Trip Report 24-26 January 2020

Friday 24th January

We met assembled in front of Walls Farm at 2.00pm just as two splendid ravens were cronking away to each other in a tall tree in the adjacent field – lovely big black birds, with a menacing blunt chisel for a bill, thick throat and neck, and a most distinctive fanned tail. Ravens have always been omens for one thing or other – we took them to be a good omen for our birdwatching weekend.

Our first stop was on Tealham Moor to scan over the flooded fields, where we saw two distant great white egrets and a couple of little egrets. A lone buzzard sat on a pole, fluffed-up. Also in the fields were a collection of fieldfares and crows, with several meadow pipits and goldfinches flitting overhead.

A lone male stonechat and a single cock pheasant were the only other birds of note on the slightly drier Tadham Moor as we headed over to the car park at RSPB Ham Wall on the Avalon Marshes.

The car park was busy, but nothing like the previous weekend, when sunny and frosty conditions brought the crowds out in force, to the point where the large carpark was full to overflowing. Cars had spilt out and were abandoned for half a mile on either side of the reserve entrance, causing a complete log-jam, which took the best part of an hour to clear after the starling murmurations were over.
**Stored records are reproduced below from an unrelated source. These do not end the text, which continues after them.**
lemma induced_edgeI:
  "even (x + y) \<Longrightarrow> (x' - x, y' - y) \<in> directions \<Longrightarrow> (x, y) \<in> S \<Longrightarrow> (x', y') \<in> S
    \<Longrightarrow> induced_edge S (x, y) (x', y')"
  unfolding induced_edge_def adj_def lattice_nodes_def by force

lemma walk_in_if_rtranclp:
  assumes "(induced_edge S)\<^sup>*\<^sup>* u v" "u \<in> S"
  shows "\<exists>ps. walk_in S ps \<and> hd ps = u \<and> last ps = v"
  using assms(1)
proof (induction rule: rtranclp_induct)
  case base
  show ?case using assms(2) by (intro exI[of _ "[u]"]) (auto simp: walk_in_def)
next
  case (step y z)
  obtain ps where ps: "walk_in S ps" "hd ps = u" "last ps = y"
    using step.IH by blast
  have last_ps: "ps ! (length ps - 1) = y" and "z \<in> S" "adj y z"
    using ps step(2) by (auto simp: walk_in_def last_conv_nth induced_edge_def)
  then have "walk_in S (ps @ [z])"
    using ps(1) by (auto simp: walk_in_def nth_append less_Suc_eq) (metis One_nat_def diff_Suc_1)
  then show ?case using ps by (intro exI[of _ "ps @ [z]"]) (auto simp: walk_in_def)
qed

lemma conn_setI:
  assumes "S \<subseteq> lattice_nodes" "h \<in> S" "\<And>u. u \<in> S \<Longrightarrow> (induced_edge S)\<^sup>*\<^sup>* u h"
  shows "conn_set S"
  unfolding conn_set_def
proof (intro conjI ballI)
  fix u v assume "u \<in> S" "v \<in> S"
  have "(induced_edge S)\<^sup>*\<^sup>* h v"
    using assms(3)[OF \<open>v \<in> S\<close>] sympD[OF symp_rtranclp[OF symp_induced_edge[OF assms(1)]]] by blast
  with assms(3)[OF \<open>u \<in> S\<close>] have "(induced_edge S)\<^sup>*\<^sup>* u v" by (rule rtranclp_trans)
  then show "\<exists>ps. walk_in S ps \<and> hd ps = u \<and> last ps = v"
    using walk_in_if_rtranclp \<open>u \<in> S\<close> by blast
qed (use assms(1) in auto)

lemma rtranclp_induced_edge_vertical:
  assumes "even (x + y)" "\<And>j. j \<le> k \<Longrightarrow> (x, y + 2 * int j) \<in> S"
  shows "(induced_edge S)\<^sup>*\<^sup>* (x, y + 2 * int k) (x, y)"
  using assms(2)
proof (induction k)
  case (Suc k)
  have "induced_edge S (x, y + 2 * int (Suc k)) (x, y + 2 * int k)"
    using assms(1) Suc.prems[of "Suc k"] Suc.prems[of k]
    by (intro induced_edgeI) (auto simp: directions_def)
  then show ?case using Suc by (meson converse_rtranclp_into_rtranclp le_SucI)
qed simp

lemma line_node_lattice: "line_node ` A \<subseteq> lattice_nodes"
  by (auto simp: line_node_def lattice_nodes_def)

lemma conn_set_line_segment:
  assumes "a \<le> b"
  shows "conn_set (line_node ` {a..b})"
proof (rule conn_setI[OF line_node_lattice, of "line_node a"])
  fix u assume "u \<in> line_node ` {a..b}"
  then obtain i where i: "a \<le> i" "i \<le> b" "u = line_node i" by auto
  have "(0, 2 * int a + 2 * int j) \<in> line_node ` {a..b}" if "j \<le> i - a" for j
    using i that by (intro image_eqI[of _ _ "a + j"]) (auto simp: line_node_def)
  then have "(induced_edge (line_node ` {a..b}))\<^sup>*\<^sup>* (0, 2 * int a + 2 * int (i - a)) (0, 2 * int a)"
    by (intro rtranclp_induced_edge_vertical) auto
  moreover have "(0, 2 * int a + 2 * int (i - a)) = u" "(0, 2 * int a) = line_node a"
    using i by (auto simp: line_node_def of_nat_diff)
  ultimately show "(induced_edge (line_node ` {a..b}))\<^sup>*\<^sup>* u (line_node a)"
    by metis
qed (use assms in simp)

context
  fixes a b :: nat and S :: "node set"
  defines "S \<equiv> lattice_nodes - line_node ` {a..b}"
begin

lemma mem_complement_iff:
  "(x, y) \<in> S \<longleftrightarrow> even (x + y) \<and> \<not> (x = 0 \<and> (\<exists>i\<in>{a..b}. y = 2 * int i))"
  unfolding S_def lattice_nodes_def line_node_def by auto

lemma complement_column_reach:
  assumes "x \<noteq> 0" "even (x + y)" "even (x + y')"
  shows "(induced_edge S)\<^sup>*\<^sup>* (x, y) (x, y')"
proof -
  have down: "(induced_edge S)\<^sup>*\<^sup>* (x, t) (x, s)"
    if "s \<le> t" "even (x + s)" "even (x + t)" for s t
  proof -
    from that obtain d where "t - s = 2 * d" by (metis evenE even_add even_diff)
    with that(1) have "t = s + 2 * int (nat d)" by simp
    moreover have "(induced_edge S)\<^sup>*\<^sup>* (x, s + 2 * int (nat d)) (x, s)"
      using that(2) assms(1) by (intro rtranclp_induced_edge_vertical) (auto simp: mem_complement_iff)
    ultimately show ?thesis by simp
  qed
  have "S \<subseteq> lattice_nodes" unfolding S_def by blast
  then have sym: "symp (induced_edge S)\<^sup>*\<^sup>*" by (intro symp_rtranclp symp_induced_edge)
  show ?thesis
  proof (cases "y' \<le> y")
    case True
    then show ?thesis using down assms(2,3) by blast
  next
    case False
    then have "(induced_edge S)\<^sup>*\<^sup>* (x, y') (x, y)" using down assms(2,3) by simp
    then show ?thesis using sympD[OF sym] by blast
  qed
qed

lemma complement_diagonal_right:
  "even (1 + int k + y) \<Longrightarrow> (induced_edge S)\<^sup>*\<^sup>* (1 + int k, y) (1, y + int k)"
proof (induction k arbitrary: y)
  case (Suc k)
  have "induced_edge S (1 + int (Suc k), y) (1 + int k, y + 1)"
    using Suc.prems by (intro induced_edgeI) (auto simp: directions_def mem_complement_iff)
  moreover have "(induced_edge S)\<^sup>*\<^sup>* (1 + int k, y + 1) (1, y + int (Suc k))"
    using Suc.IH[of "y + 1"] Suc.prems by (simp add: algebra_simps)
  ultimately show ?case by (rule converse_rtranclp_into_rtranclp)
qed simp

lemma complement_diagonal_left:
  "even (-1 - int k + y) \<Longrightarrow> (induced_edge S)\<^sup>*\<^sup>* (-1 - int k, y) (-1, y + int k)"
proof (induction k arbitrary: y)
  case (Suc k)
  have "induced_edge S (-1 - int (Suc k), y) (-1 - int k, y + 1)"
    using Suc.prems by (intro induced_edgeI) (auto simp: directions_def mem_complement_iff)
  moreover have "(induced_edge S)\<^sup>*\<^sup>* (-1 - int k, y + 1) (-1, y + int (Suc k))"
    using Suc.IH[of "y + 1"] Suc.prems by (simp add: algebra_simps)
  ultimately show ?case by (rule converse_rtranclp_into_rtranclp)
qed simp

text \<open>Every node of the complement reaches (1, 1): along a diagonal to the column x = 1 or
  x = -1, vertically inside that column, and from x = -1 around the bottom end of the segment
  through the origin, which is free because a \<ge> 1.\<close>

lemma complement_reaches_1_1:
  assumes "1 \<le> a" "u \<in> S"
  shows "(induced_edge S)\<^sup>*\<^sup>* u (1, 1)"
proof -
  obtain x y where u: "u = (x, y)" by fastforce
  have even: "even (x + y)" using assms(2) u by (simp add: mem_complement_iff)
  consider "x \<ge> 1" | "x \<le> -1" | "x = 0" by linarith
  then show ?thesis
  proof cases
    case 1
    then have "(induced_edge S)\<^sup>*\<^sup>* (x, y) (1, y + (x - 1))"
      using complement_diagonal_right[of "nat (x - 1)" y] even by simp
    moreover have "(induced_edge S)\<^sup>*\<^sup>* (1, y + (x - 1)) (1, 1)"
      using even by (intro complement_column_reach) auto
    ultimately show ?thesis using u rtranclp_trans by metis
  next
    case 2
    then have "(induced_edge S)\<^sup>*\<^sup>* (x, y) (-1, y + (- x - 1))"
      using complement_diagonal_left[of "nat (- x - 1)" y] even by simp
    moreover have "(induced_edge S)\<^sup>*\<^sup>* (-1, y + (- x - 1)) (-1, 1)"
      using even by (intro complement_column_reach) auto
    moreover have "induced_edge S (-1, 1) (0, 0)" "induced_edge S (0, 0) (1, 1)"
      using assms(1) by (auto intro!: induced_edgeI simp: directions_def mem_complement_iff)
    ultimately show ?thesis
      using u by (meson rtranclp.rtrancl_into_rtrancl rtranclp_trans)
  next
    case 3
    have "induced_edge S (x, y) (1, y + 1)"
      using assms(2) u 3 even by (intro induced_edgeI) (auto simp: directions_def mem_complement_iff)
    moreover have "(induced_edge S)\<^sup>*\<^sup>* (1, y + 1) (1, 1)"
      using even 3 by (intro complement_column_reach) auto
    ultimately show ?thesis using u by (meson converse_rtranclp_into_rtranclp)
  qed
qed

lemma simply_conn_line_segment:
  assumes "1 \<le> a"
  shows "simply_conn (line_node ` {a..b})"
  unfolding simply_conn_def S_def[symmetric]
proof (rule conn_setI[of S "(1, 1)"])
  show "S \<subseteq> lattice_nodes" "(1, 1) \<in> S"
    by (auto simp: S_def lattice_nodes_def line_node_def)
qed (use complement_reaches_1_1 assms in blast)

end

lemma inj_line_node: "inj line_node"
  by (auto simp: inj_def line_node_def)

lemma card_line_node_image: "card (line_node ` A) = card A"
  using card_image[OF inj_on_subset[OF inj_line_node]] by blast

lemma line_instance:
  assumes "1 \<le> m" "m < n"
  defines "I \<equiv> line_node ` {1..n}" and "T \<equiv> line_node ` {m+1..n+m}"
  shows "valid_instance I T (line_node n)" "card (I - T) = m"
proof -
  have "I \<inter> T = line_node ` {m+1..n}"
    using assms(2) unfolding I_def T_def image_Int[OF inj_line_node, symmetric] by auto
  then show "valid_instance I T (line_node n)"
    using assms conn_set_line_segment[of 1 n] conn_set_line_segment[of "m+1" "n+m"]
      conn_set_line_segment[of "m+1" n]
    by (auto simp: valid_instance_def I_def T_def card_line_node_image)
  have "I - T = line_node ` {1..m}"
    using assms(2) unfolding I_def T_def image_set_diff[OF inj_line_node, symmetric] by auto
  then show "card (I - T) = m" by (simp add: card_line_node_image)
qed

definition height :: "config \<Rightarrow> int" where
  "height c = (case c of (C, p, b) \<Rightarrow> (\<Sum>q\<in>C. snd q) + (if b then snd p else 0))"

definition tile_count :: "config \<Rightarrow> nat" where
  "tile_count c = (case c of (C, p, b) \<Rightarrow> card C + (if b then 1 else 0))"

lemma adj_snd_diff: "adj p p' \<Longrightarrow> \<bar>snd p' - snd p\<bar> \<le> 2"
  by (cases p; cases p') (auto simp: adj_def directions_def)

lemma step_invariants:
  assumes "step c c'" "finite (fst c)"
  shows "finite (fst c') \<and> tile_count c' = tile_count c \<and> \<bar>height c' - height c\<bar> \<le> 2"
proof -
  obtain C p b C' p' b' where c: "c = (C, p, b)" and c': "c' = (C', p', b')"
    by (cases c; cases c') auto
  have fin: "finite C" using assms(2) c by simp
  from assms(1) consider
      (move) "C' = C" "b' = b" "adj p p'"
    | (lift) "p' = p" "p \<in> C" "\<not> b" "C' = C - {p}" "b'"
    | (place) "p' = p" "p \<notin> C" "b" "C' = insert p C" "\<not> b'"
    unfolding step_def c c' by auto
  then show ?thesis
  proof cases
    case move
    then show ?thesis using fin adj_snd_diff[of p p'] by (auto simp: c c' height_def tile_count_def)
  next
    case lift
    then have "card C \<ge> 1" "sum snd C = snd p + sum snd (C - {p})"
      using fin by (auto simp: Suc_le_eq card_gt_0_iff sum.remove)
    then show ?thesis using lift fin by (auto simp: c c' height_def tile_count_def)
  next
    case place
    then show ?thesis using fin by (auto simp: c c' height_def tile_count_def)
  qed
qed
There was no sign of the carpark firecrest that had been reported, however, we did get a smart little goldcrest and two pairs of bullfinches as we headed over the road and through the trees into Natural England’s reserve at Shapwick Heath.

On the first pond, the Meare Heath Pool, there was a good covering of waterfowl; mostly ducks – shoveler, gadwall, tufted duck, and teal, with a couple of pairs of wigeon. There were plenty of coots, and along the fringes were some moorhens. Occasionally we heard the squealing call of a water rail, but we did not see one. Amongst the reeds at the edge of the pond Graeme got somewhat excited as two long-tailed silhouetted birds were seen, however, rather than being bearded tits, as Graeme hoped, they somehow morphed into long-tailed tits. That was disappointing, but we soon cheered up with the first sighting of both a male and female marsh harrier cruising across the reedbeds.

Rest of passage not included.